HIV is the human form of SIV; that is, Simian Immunodeficiency Virus.  “Simian” refers to monkeys and apes.  Long story short:  AIDS comes from monkeys.  No, not homosexual, drug-addicted monkeys.  In fact, the form of HIV which has killed millions can be traced to the common chimpanzees of central Africa.  SIV has existed in ape and monkey populations for hundreds of years.  The divergent forms of HIV which have now been identified (yes, there are many kinds of HIV)  can be traced back (using “molecular clocks” and “phylogenetics”) to different times and places.  HIV-2 came from a specific variety of SIV found in apes in eastern Africa.  HIV-2 is a slow developing form of the virus.  People seldom die from HIV-2.  HIV-1 is the killer virus; the typical time span between contracting the virus and the development of AIDS is 10 years.  There are 8 identified, divergent strains of the HIV-1.  HIV-1 group M (for Main) accounts for 99% of infections and is the cause of the pandemic.  Every strain of the HIV virus is different in terms of rate of mortality and ease and type of transmission. In general, the chance of sexual transmission of HIV is about 1 in 1000.  (In other words, the statistical expectation is that if a man with HIV had sex 1000 times, the virus would be transmitted once.  However, if the man also had an STD and/or was un-circumcized the possibility of transmission would increase.)  The transmission rate through blood (transfusions, shared needles, etc) is 1 in 10.

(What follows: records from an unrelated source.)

(* Let $(A_n)_{n\in\mathbb Z^+}$ be a sequence of invertible linear operators on $\mathbb R^d$ that admits a strong exponential dichotomy with respect to a sequence of norms $\|\cdot\|_n$, $n\in\mathbb Z^+$, and projections $P_n$, $n\in\mathbb Z^+$. Let $Y\subset\mathbb R^d$ be any subspace with $\mathbb R^d=\operatorname{Im}P_0\oplus Y$, let $P_0'$ be the projection onto $\operatorname{Im}P_0$ along $Y$, and set $P'_n=\mathcal A(n,0)P'_0\mathcal A(0,n)$ for $n\in\mathbb Z^+$. Then $(A_n)_{n\in\mathbb Z^+}$ admits a strong exponential dichotomy with respect to the norms $\|\cdot\|_n$ and projections $P'_n$, $n\in\mathbb Z^+$.
   Context: $\mathbb Z^+=\{0,1,\dots\}$. $\mathcal A(m,n)=A_{m-1}\cdots A_n$ ($m>n$), $\mathrm{Id}$ ($m=n$), $A_m^{-1}\cdots A_{n-1}^{-1}$ ($m<n$). Strong exponential dichotomy w.r.t. norms $\{\|\cdot\|_n\}$ and projections $P_n$: $A_nP_n=P_{n+1}A_n$ for all $n$, and there exist $K>0$, $a\ge\lambda>0$ with, for $m\ge n$, $x\in\mathbb R^d$, $Q_m=\mathrm{Id}-P_m$: $\|\mathcal A(m,n)P_nx\|_m\le Ke^{-\lambda(m-n)}\|x\|_n$, $\|\mathcal A(n,m)Q_mx\|_n\le Ke^{-\lambda(m-n)}\|x\|_m$, $\|\mathcal A(m,n)x\|_m\le Ke^{a(m-n)}\|x\|_n$, $\|\mathcal A(n,m)x\|_n\le Ke^{a(m-n)}\|x\|_m$. *)

theory Defs
  imports "HOL-Analysis.Analysis"
begin

text \<open>R^d is modelled by an arbitrary Euclidean space 'a (d = DIM('a)).\<close>

fun fwd :: "(nat \<Rightarrow> 'a \<Rightarrow> 'a) \<Rightarrow> nat \<Rightarrow> nat \<Rightarrow> 'a \<Rightarrow> 'a" where
  "fwd A n 0 = id"
| "fwd A n (Suc k) = A (n + k) \<circ> fwd A n k"

fun bwd :: "(nat \<Rightarrow> 'a \<Rightarrow> 'a) \<Rightarrow> nat \<Rightarrow> nat \<Rightarrow> 'a \<Rightarrow> 'a" where
  "bwd A m 0 = id"
| "bwd A m (Suc k) = bwd A m k \<circ> inv (A (m + k))"

definition cocyc :: "(nat \<Rightarrow> 'a \<Rightarrow> 'a) \<Rightarrow> nat \<Rightarrow> nat \<Rightarrow> 'a \<Rightarrow> 'a" where
  "cocyc A m n = (if n \<le> m then fwd A n (m - n) else bwd A m (n - m))"

definition is_norm :: "('a::real_vector \<Rightarrow> real) \<Rightarrow> bool" where
  "is_norm N \<longleftrightarrow> (\<forall>x. 0 \<le> N x) \<and> (\<forall>x. N x = 0 \<longleftrightarrow> x = 0)
     \<and> (\<forall>c x. N (c *\<^sub>R x) = \<bar>c\<bar> * N x) \<and> (\<forall>x y. N (x + y) \<le> N x + N y)"

definition is_projection :: "('a::real_vector \<Rightarrow> 'a) \<Rightarrow> bool" where
  "is_projection P \<longleftrightarrow> linear P \<and> P \<circ> P = P"

definition strong_exp_dichotomy ::
  "(nat \<Rightarrow> 'a::real_vector \<Rightarrow> 'a) \<Rightarrow> (nat \<Rightarrow> 'a \<Rightarrow> real) \<Rightarrow> (nat \<Rightarrow> 'a \<Rightarrow> 'a) \<Rightarrow> bool" where
  "strong_exp_dichotomy A N P \<longleftrightarrow>
     (\<forall>n. is_projection (P n)) \<and>
     (\<forall>n. A n \<circ> P n = P (Suc n) \<circ> A n) \<and>
     (\<exists>K a lam::real. K > 0 \<and> lam > 0 \<and> a \<ge> lam \<and>
        (\<forall>m n x. n \<le> m \<longrightarrow>
           N m (cocyc A m n (P n x)) \<le> K * exp (- lam * real (m - n)) * N n x
         \<and> N n (cocyc A n m (x - P m x)) \<le> K * exp (- lam * real (m - n)) * N m x
         \<and> N m (cocyc A m n x) \<le> K * exp (a * real (m - n)) * N n x
         \<and> N n (cocyc A n m x) \<le> K * exp (a * real (m - n)) * N m x))"

end

theory Submission
  imports Defs
begin

text \<open>Because \<open>P\<^sub>0'\<close> and \<open>P\<^sub>0\<close> have the same range, \<open>P\<^sub>0' = P\<^sub>0 + P\<^sub>0' (Id - P\<^sub>0)\<close>, hence
  \<open>P\<^sub>n' = P\<^sub>n + \<A>(n,0) P\<^sub>0' \<A>(0,n) (Id - P\<^sub>n)\<close>. The correction term passes through time \<open>0\<close>:
  getting there from time \<open>n\<close> along the unstable direction gains a factor \<open>exp (-\<lambda> n)\<close>, the
  bounded map \<open>P\<^sub>0'\<close> lands in \<open>Im P\<^sub>0\<close>, and moving on to time \<open>m\<close> along the stable direction
  gains \<open>exp (-\<lambda> m)\<close>. Since \<open>exp (-\<lambda> (m + n)) \<le> exp (-\<lambda> (m - n))\<close>, both contraction
  estimates hold with the constant \<open>K + K\<^sup>2 \<parallel>P\<^sub>0'\<parallel>\<close>, while the growth estimates do not
  involve the projections at all.\<close>

section \<open>Norms on a Euclidean space\<close>

context
  fixes N :: "'a::real_vector \<Rightarrow> real"
  assumes N: "is_norm N"
begin

lemma is_norm_nonneg: "0 \<le> N x"
  using N unfolding is_norm_def by blast

lemma is_norm_eq_0_iff: "N x = 0 \<longleftrightarrow> x = 0"
  using N unfolding is_norm_def by blast

lemma is_norm_zero [simp]: "N 0 = 0"
  using N unfolding is_norm_def by blast

lemma is_norm_scaleR: "N (c *\<^sub>R x) = \<bar>c\<bar> * N x"
  using N unfolding is_norm_def by blast

lemma is_norm_triangle: "N (x + y) \<le> N x + N y"
  using N unfolding is_norm_def by blast

lemma is_norm_minus: "N (- x) = N x"
  using is_norm_scaleR[of "-1" x] by simp

lemma is_norm_diff_le: "N (x - y) \<le> N x + N y"
  using is_norm_triangle[of x "- y"] by (simp add: is_norm_minus)

lemma is_norm_reverse_triangle: "\<bar>N x - N y\<bar> \<le> N (x - y)"
  using is_norm_triangle[of "x - y" y] is_norm_triangle[of "y - x" x]
    is_norm_minus[of "x - y"] by simp

lemma is_norm_sum_le: "N (sum f S) \<le> (\<Sum>i\<in>S. N (f i))"
proof (induction S rule: infinite_finite_induct)
  case (insert i S)
  then show ?case using is_norm_triangle[of "f i" "sum f S"] by simp
qed simp_all

end

context
  fixes N :: "'a::euclidean_space \<Rightarrow> real"
  assumes N: "is_norm N"
begin

lemma is_norm_le_norm: "\<exists>M\<ge>0. \<forall>x. N x \<le> M * norm x"
proof (intro exI conjI allI)
  show "0 \<le> (\<Sum>b\<in>Basis. N b)"
    by (simp add: sum_nonneg is_norm_nonneg[OF N])
next
  fix x :: 'a
  have "N x = N (\<Sum>b\<in>Basis. (x \<bullet> b) *\<^sub>R b)"
    by (simp add: euclidean_representation)
  also have "\<dots> \<le> (\<Sum>b\<in>Basis. N ((x \<bullet> b) *\<^sub>R b))"
    by (rule is_norm_sum_le[OF N])
  also have "\<dots> = (\<Sum>b\<in>Basis. \<bar>x \<bullet> b\<bar> * N b)"
    by (simp add: is_norm_scaleR[OF N])
  also have "\<dots> \<le> (\<Sum>b\<in>Basis. norm x * N b)"
    by (intro sum_mono mult_right_mono) (simp_all add: Basis_le_norm is_norm_nonneg[OF N])
  finally show "N x \<le> (\<Sum>b\<in>Basis. N b) * norm x"
    by (simp add: sum_distrib_left mult.commute)
qed

lemma is_norm_continuous: "continuous_on UNIV N"
proof -
  obtain M where "0 \<le> M" and M: "\<And>x. N x \<le> M * norm x"
    using is_norm_le_norm by blast
  have "\<bar>N x - N y\<bar> \<le> M * norm (x - y)" for x y
    using M[of "x - y"] is_norm_reverse_triangle[OF N, of x y] by linarith
  with \<open>0 \<le> M\<close> have "M-lipschitz_on UNIV N"
    by (intro lipschitz_onI) (simp_all add: dist_real_def dist_norm)
  then show ?thesis
    by (rule lipschitz_on_continuous_on)
qed

lemma is_norm_ge_norm: "\<exists>c>0. \<forall>x. c * norm x \<le> N x"
proof -
  obtain b :: 'a where "b \<in> Basis"
    using nonempty_Basis by blast
  then have "sphere (0::'a) 1 \<noteq> {}"
    by (auto simp: norm_Basis)
  then obtain z where "z \<in> sphere 0 1" and "\<forall>y \<in> sphere 0 1. N z \<le> N y"
    using continuous_attains_inf[OF compact_sphere _ continuous_on_subset[OF is_norm_continuous]]
    by blast
  then have z: "norm z = 1" and z_min: "\<And>y. norm y = 1 \<Longrightarrow> N z \<le> N y"
    by simp_all
  have "0 < N z"
    using z is_norm_nonneg[OF N, of z] is_norm_eq_0_iff[OF N, of z] by fastforce
  moreover have "N z * norm x \<le> N x" for x
  proof (cases "x = 0")
    case False
    then have "N z \<le> N ((1 / norm x) *\<^sub>R x)"
      by (intro z_min) simp
    also have "\<dots> = N x / norm x"
      by (simp add: is_norm_scaleR[OF N])
    finally show ?thesis
      using False by (simp add: field_simps)
  qed (simp add: is_norm_nonneg[OF N])
  ultimately show ?thesis
    by blast
qed

lemma is_norm_linear_bound:
  assumes "linear L"
  shows "\<exists>C\<ge>0. \<forall>x. N (L x) \<le> C * N x"
proof -
  obtain M where "0 \<le> M" and M: "\<And>x. N x \<le> M * norm x"
    using is_norm_le_norm by blast
  obtain c where "0 < c" and c: "\<And>x. c * norm x \<le> N x"
    using is_norm_ge_norm by blast
  obtain B where "0 < B" and B: "\<And>x. norm (L x) \<le> norm x * B"
    using assms bounded_linear.pos_bounded linear_conv_bounded_linear by blast
  have "N (L x) \<le> M * B / c * N x" for x
  proof -
    have "N (L x) \<le> M * (norm x * B)"
      using M[of "L x"] B[of x] \<open>0 \<le> M\<close> by (meson mult_left_mono order_trans)
    also have "\<dots> \<le> M * (N x / c * B)"
      using c[of x] \<open>0 < c\<close> \<open>0 < B\<close> \<open>0 \<le> M\<close>
      by (intro mult_left_mono mult_right_mono) (simp_all add: field_simps)
    finally show ?thesis
      by (simp add: mult_ac)
  qed
  then show ?thesis
    using \<open>0 \<le> M\<close> \<open>0 < B\<close> \<open>0 < c\<close> by (intro exI[of _ "M * B / c"]) simp
qed

end

section \<open>Projections along a complement\<close>

lemma direct_sum_unique:
  assumes "subspace S" "subspace Y" "S \<inter> Y = {0}"
    and "u \<in> S" "u' \<in> S" "v \<in> Y" "v' \<in> Y" "u + v = u' + v'"
  shows "u = u'"
proof -
  have "u - u' = v' - v"
    using assms(8) by (simp add: algebra_simps)
  moreover have "u - u' \<in> S" and "v' - v \<in> Y"
    using assms by (simp_all add: subspace_diff)
  ultimately have "u - u' \<in> S \<inter> Y"
    by simp
  then show ?thesis
    using assms(3) by simp
qed

context
  fixes S Y :: "'a::real_vector set" and Q :: "'a \<Rightarrow> 'a"
  assumes S: "subspace S" and Y: "subspace Y" and S_Y: "S \<inter> Y = {0}"
    and Q: "\<And>x. Q x \<in> S \<and> x - Q x \<in> Y"
begin

lemma projection_along_unique: "u \<in> S \<Longrightarrow> x - u \<in> Y \<Longrightarrow> Q x = u"
  using direct_sum_unique[OF S Y S_Y, of "Q x" u "x - Q x" "x - u"] Q by simp

lemma projection_along_fixes: "x \<in> S \<Longrightarrow> Q x = x"
  by (rule projection_along_unique) (simp_all add: subspace_0[OF Y])

lemma linear_projection_along: "linear Q"
proof (rule linearI)
  show "Q (x + y) = Q x + Q y" for x y
    using Q[of x] Q[of y] subspace_add[OF S] subspace_add[OF Y, of "x - Q x" "y - Q y"]
    by (intro projection_along_unique) (simp_all add: algebra_simps)
  show "Q (r *\<^sub>R x) = r *\<^sub>R Q x" for r x
    using Q[of x] subspace_scale[OF S] subspace_scale[OF Y, of "x - Q x" r]
    by (intro projection_along_unique) (simp_all add: algebra_simps)
qed

end

section \<open>The cocycle of an invertible sequence\<close>

lemma linear_inv_bij:
  assumes "linear f" "bij f"
  shows "linear (inv f)"
proof (rule linearI)
  have f_inv: "f (inv f x) = x" for x
    using assms(2) by (simp add: bij_is_surj surj_f_inv_f)
  have inv_f: "inv f (f x) = x" for x
    using assms(2) by (simp add: bij_is_inj)
  show "inv f (x + y) = inv f x + inv f y" for x y
    using inv_f[of "inv f x + inv f y"] by (simp add: linear_add[OF assms(1)] f_inv)
  show "inv f (r *\<^sub>R x) = r *\<^sub>R inv f x" for r x
    using inv_f[of "r *\<^sub>R inv f x"] by (simp add: linear_scale[OF assms(1)] f_inv)
qed

locale invertible_linear_seq =
  fixes A :: "nat \<Rightarrow> 'a::real_vector \<Rightarrow> 'a"
  assumes linear_A: "linear (A n)" and bij_A: "bij (A n)"
begin

lemma inv_A_A [simp]: "inv (A n) (A n x) = x"
  using bij_A by (simp add: bij_is_inj)

lemma A_inv_A [simp]: "A n (inv (A n) x) = x"
  using bij_A by (simp add: bij_is_surj surj_f_inv_f)

lemma cocyc_from_0: "cocyc A n 0 = fwd A 0 n"
  by (simp add: cocyc_def)

lemma cocyc_to_0: "cocyc A 0 n = bwd A 0 n"
  by (cases n) (simp_all add: cocyc_def)

lemma cocyc_from_0_Suc: "cocyc A (Suc n) 0 x = A n (cocyc A n 0 x)"
  by (simp add: cocyc_from_0)

lemma cocyc_to_0_Suc: "cocyc A 0 (Suc n) x = cocyc A 0 n (inv (A n) x)"
  by (simp add: cocyc_to_0)

lemma cocyc_0_0 [simp]: "cocyc A 0 0 x = x"
  by (simp add: cocyc_def)

lemma cocyc_from_to_0 [simp]: "cocyc A n 0 (cocyc A 0 n x) = x"
  by (induction n arbitrary: x) (simp_all add: cocyc_from_0_Suc cocyc_to_0_Suc)

lemma cocyc_to_from_0 [simp]: "cocyc A 0 n (cocyc A n 0 x) = x"
  by (induction n arbitrary: x) (simp_all add: cocyc_from_0_Suc cocyc_to_0_Suc)

lemma cocyc_via_0: "cocyc A m n x = cocyc A m 0 (cocyc A 0 n x)"
proof -
  have fwd: "fwd A n k y = cocyc A (n + k) 0 (cocyc A 0 n y)" for k y
    by (induction k arbitrary: y) (simp_all add: cocyc_from_0_Suc)
  have bwd: "bwd A m k y = cocyc A m 0 (cocyc A 0 (m + k) y)" for k y
    by (induction k arbitrary: y) (simp_all add: cocyc_to_0_Suc)
  show ?thesis
    unfolding cocyc_def[of A m n] by (simp add: fwd bwd)
qed

lemma cocyc_trans: "cocyc A m n (cocyc A n k x) = cocyc A m k x"
  using cocyc_via_0[of m n] cocyc_via_0[of n k] cocyc_via_0[of m k x] by simp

How did HIV-SIV enter the human population?


Simple answer is that African tribesmen hunted and cooked monkeys.  It is easy enough to imagine people being bitten and scratched by monkeys.  By back tracing the various strains of HIV now in existence the virus (which was SIV and became HIV) entered the human population at 8 different points/occasions some time between 1900 and 1930.  For convenience of reference Pepin gives 1921 as year one of HIV.  Under “normal” circumstances the 8 people who had contracted the virus would have died within 10 years and that would have been the end of the virus and the disease--which brings us to the next question.

How did HIV-AIDS become an epidemic?


This is really the question that The Origins of Aids sets out to answer.  The answer lies in the geo-politics of colonial and neo-colonial Africa, the sex trade, African customs and traditions, industrialization and urbanization, and, in a detailed exposé of ‘how the road to hell is paved with good intentions,’ how attempts to combat sleeping sickness, malaria, tuberculosis, leprosy and various STDs through mass inoculations with unsterile needles led to HIV-1 M, which infected only one person in 1921, being transmitted to millions world wide. 

No doubt if he stumbled across this blog, Dr. Pepin would tear his hair out reading my clumsy, facile attempt to summarize his work.  I recommend you don't depend on this trailer.  If I've piqued your curiosity, read the book.